What are the new features of Spark 3.0? 07/11 Update SLTechnology News&Howtos

What are the new features of Spark 3.0?

2025-07-11 Update From: SLTechnology News&Howtos shulou NAV: SLTechnology News&Howtos > Internet Technology >

Shulou(Shulou.com)06/01 Report--

Today, I would like to talk to you about the new features of Spark 3.0. maybe many people don't know much about it. In order to make you understand better, the editor summed up the following for you. I hope you can get something from this article.

Recently, the Apache Spark community released a preview of Spark 3.0, which contains many important new features that will help Spark create a powerful impact, in this era of big data and data science, the product already has a wide range of enterprise users and developers.

In the new version, the Spark community has migrated some features from Spark SQL to programmatic Scala API (

Org.apache.spark.sql.functions), which encourages developers to use this functionality directly as part of their DataFrame transformation, rather than typing directly into SQL mode or creating views, and using this function as well as SQL expressions or callUDF functions.

The community has also laboriously introduced new data conversion capabilities and partition_transforms functions that are useful when used with Spark's new DataFrameWriterv2 to write data to some external storage.

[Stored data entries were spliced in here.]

(* Let $A\subseteq\mathbb{R}^d$ ($d\ge2$) be a nonempty compact set and $s\in[0,d)$. If the support content $\mathcal S^s_{d-1}(A)=\lim_{\varepsilon\to0^+}\varepsilon^{s-(d-1)}\mu_{d-1}(A_\varepsilon)$ exists in $[0,\infty)$, then the outer Minkowski content $\mathcal M^s_{\mathrm{out}}(A)=\lim_{\varepsilon\to0^+}\varepsilon^{s-d}V(A_\varepsilon\setminus A)$ exists and $$\mathcal M^s_{\mathrm{out}}(A)=\frac{2}{d-s}\,\mathcal S^s_{d-1}(A).$$
   Context: $V$ is $d$-dimensional Lebesgue measure, $\omega_k=\frac{k\pi^{k/2}}{\Gamma(k/2+1)}$, $A_\varepsilon=\{x:\mathrm{dist}(x,A)\le\varepsilon\}$. Normal bundle of a closed set $C$: $\mathrm{Unp}(C)$ is the set of $y\notin C$ with a unique nearest point $\pi_C(y)\in C$; $N(C)=\{(\pi_C(y),(y-\pi_C(y))/\mathrm{dist}(y,C)):y\in\mathrm{Unp}(C)\}$; local reach $\delta(C,x,u)=\sup\{t\ge0:\pi_C(x+tu)=x\}$. Support measures (Hug–Last–Weil): for closed $C$, the signed measures $\mu_i(C;\cdot)$, $i=0,\dots,d-1$, on $N(C)$ such that $\int_{N(C)}\mathbb 1\{x\in B\}\min\{r,\delta(C,x,u)\}^{d-i}|\mu_i|(C;d(x,u))<\infty$ for compact $B$, $r>0$, and for every measurable compactly supported $f$, $\int_{\mathbb{R}^d\setminus C}f=\sum_{i=0}^{d-1}\omega_{d-i}\int_0^\infty\int_{N(C)}t^{d-i-1}\mathbb 1\{t<\delta(C,x,u)\}f(x+tu)\mu_i(C;d(x,u))dt$. Write $\mu_{d-1}(A_\varepsilon)=\mu_{d-1}(A_\varepsilon;N(A_\varepsilon))$ for the total mass. *)

theory Defs
  imports "HOL-Analysis.Analysis"
begin

definition omega :: "nat \<Rightarrow> real" where
  "omega k = real k * pi powr (real k / 2) / Gamma (real k / 2 + 1)"

definition parset :: "'a::euclidean_space set \<Rightarrow> real \<Rightarrow> 'a set" where
  "parset A e = {x. infdist x A \<le> e}"

definition unique_nearest :: "'a::euclidean_space set \<Rightarrow> 'a \<Rightarrow> 'a \<Rightarrow> bool" where
  "unique_nearest C y x \<longleftrightarrow> x \<in> C \<and> (\<forall>z\<in>C. z \<noteq> x \<longrightarrow> dist y x < dist y z)"

definition Unp :: "'a::euclidean_space set \<Rightarrow> 'a set" where
  "Unp C = {y. y \<notin> C \<and> (\<exists>x. unique_nearest C y x)}"

definition proj :: "'a::euclidean_space set \<Rightarrow> 'a \<Rightarrow> 'a" where
  "proj C y = (THE x. unique_nearest C y x)"

definition normal_bundle :: "'a::euclidean_space set \<Rightarrow> ('a \<times> 'a) set" where
  "normal_bundle C = (\<lambda>y. (proj C y, (1 / infdist y C) *\<^sub>R (y - proj C y))) ` Unp C"

definition local_reach :: "'a::euclidean_space set \<Rightarrow> 'a \<Rightarrow> 'a \<Rightarrow> ereal" where
  "local_reach C x u = (SUP t\<in>{t. t \<ge> 0 \<and> unique_nearest C (x + t *\<^sub>R u) x}. ereal t)"

text \<open>A signed measure on N(C) is represented by its Jordan decomposition (M+, M-):
  two mutually singular Borel measures on R^d x R^d, both concentrated on N(C).\<close>
definition signed_on :: "('a::euclidean_space \<times> 'a) set \<Rightarrow> ('a \<times> 'a) measure \<times> ('a \<times> 'a) measure \<Rightarrow> bool" where
  "signed_on N m \<longleftrightarrow>
     sets (fst m) = sets borel \<and> sets (snd m) = sets borel \<and>
     (AE p in fst m. p \<in> N) \<and> (AE p in snd m. p \<in> N) \<and>
     (\<exists>S\<in>sets borel. emeasure (fst m) S = 0 \<and> emeasure (snd m) (UNIV - S) = 0)"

Some of the new features in Spark 3 are already part of previous versions of Databricks Spark. Therefore, if you work in the Databricks cloud, you may find some familiar features.

The following describes the new Spark features in Spark SQL and Scala API for DataFrame operation access, as well as the ability to migrate from Spark SQL to Scala API for programmatic access.

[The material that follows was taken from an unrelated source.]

(* Let $V$ be a finite set of voters, $A$ a finite set of alternatives, and $F:\mathcal{P}(V,A)\to 2^A\setminus\{\emptyset\}$ a social choice correspondence. The following two conditions are equivalent: (1) $F$ is onto with respect to singletons, is strategy-proof for optimists (SPO), and is strategy-proof for pessimists (SPP). (2) $F$ is onto with respect to singletons, and there exist, for each voter $i\in V$, functions $p_i:\mathcal{P}(V,A)\times A\times 2^A\to[0,1]$ such that (a) for every profile $P$ and every nonempty $X\subseteq A$, $\sum_{x\in X}p_i(P,x,X)=1$; (b) for every profile $P$, every nonempty $X\subseteq A$ and every $a\in X$, $p_i(P,a,X)>0$ whenever $a=\mathrm{best}(P_i,X)$ or $a=\mathrm{worst}(P_i,X)$, where $P_i$ is voter $i$'s ballot in $P$; (c) for every voter $i$, every profile $P=P_iP_{-i}$, every linear order $P_i'$ over $A$, and every utility function $u_i:A\to\mathbb{R}$ consistent with $P_i$ (i.e. $u_i(a)>u_i(b)$ whenever $a\succ_i b$ in $P_i$), $$\sum_{x\in F(P_iP_{-i})}p_i\big(P_iP_{-i},x,F(P_iP_{-i})\big)\,u_i(x)\;\geq\;\sum_{x\in F(P_i'P_{-i})}p_i\big(P_iP_{-i},x,F(P_i'P_{-i})\big)\,u_i(x).$$
   Context: $V$ is a finite set of voters and $A$ a finite set of alternatives. A profile $P$ assigns to every voter $i\in V$ a linear order $P_i$ over $A$ (a ballot); $\succ_i$ denotes the strict order of $P_i$ and $\succeq_i$ its reflexive version. $\mathcal{P}(V,A)$ is the set of all profiles. $P_{-i}$ denotes the ballots of all voters other than $i$, so $P=P_iP_{-i}$, and $P_i'P_{-i}$ is the profile obtained from $P$ by replacing $P_i$ with the linear order $P_i'$. A social choice correspondence is a map $F:\mathcal{P}(V,A)\to 2^A\setminus\{\emptyset\}$. $F$ is onto with respect to singletons if for every $a\in A$ there is a profile $P$ with $F(P)=\{a\}$. For nonempty $W\subseteq A$, $\mathrm{best}(P_i,W)$ and $\mathrm{worst}(P_i,W)$ denote the $P_i$-best and $P_i$-worst elements of $W$. Define weak orders on nonempty subsets of $A$: $X\succeq_i^O Y$ iff $\mathrm{best}(P_i,X)\succeq_i\mathrm{best}(P_i,Y)$; $X\succeq_i^P Y$ iff $\mathrm{worst}(P_i,X)\succeq_i\mathrm{worst}(P_i,Y)$. $F$ is strategy-proof for optimists (SPO) if for every voter $i$, every profile $P_iP_{-i}$ and every linear order $P_i'$, $F(P_iP_{-i})\succeq_i^O F(P_i'P_{-i})$ (with $\succeq_i$ taken from the sincere ballot $P_i$). $F$ is strategy-proof for pessimists (SPP) if for every voter $i$, every profile $P_iP_{-i}$ and every linear order $P_i'$, $F(P_iP_{-i})\succeq_i^P F(P_i'P_{-i})$. *)

theory Defs
  imports Complex_Main
begin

Features introduced in Spark 3.0 in Spark SQL and features for DataFrame transformation

From_csv

Like from_json, this function parses the column that contains the CSV string and converts it to type Struct. If the CSV string cannot be parsed, null is returned.

Example:

This function requires a Struct pattern and options that indicate how to parse CSV strings. The option is the same as the CSV data source.

Ss= "dp-sql" > ss= "alt" > val studentInfo = ss= "string" > "1Nil ss=": ss= "string" > "2Nil ss=": ss= "string" > "3Nil ss=" > val ss= "keyword" > schema = new StructType () ss= "alt" > .ss = "keyword" > add (ss= "string" > "Id", IntegerType) ss= "> .ss =" keyword "> add (ss=" string ">" Name ") StringType) ss= "alt" > .ss = "keyword" > add (ss= "string" > "Dept", StringType) ss= "" > val options = Map (ss= "string" > "delimiter"-> ss= "string" > ",") ss= "alt" > val studentDF = studentInfo.toDF (ss= "string" > "Student_Info") ss= "> .withColumn (ss=" string ">" csv_struct ", from_csv ('Student_Info, ss= keyword" > schema,options) ss= "alt" > studentDF.show ()

To_csv

To convert the structure Type column to an CSV string.

Example:

Along with the Struct type column, this function also accepts an optional options parameter that indicates how to convert the Struct column to a CSV string.

Ss= "dp-sql" > ss= "alt" > studentDF ss= "> .withColumn (ss=" string ">" csv_string ", to_csv ($ss=" string ">" csv_struct ", Map.empty [String, String] .asJava) ss=" alt "> .show

Infers the pattern of the CSV string and returns the pattern in DDL format.

Example:

This function requires a CSV string column and an optional argument that contains options for how to parse the CSV string.

Ss= "dp-sql" > ss= "alt" > studentDF ss= "" > .withColumn (ss= "string" > "schema", schema_of_csv (ss= "string" > "csv_string")) ss= "alt" > .show

For_all

Applies the given predicate to all elements in the array and returns true only if all elements in the array evaluate to true, otherwise it returns false.

Example:

Check that all elements in the given Array column are even.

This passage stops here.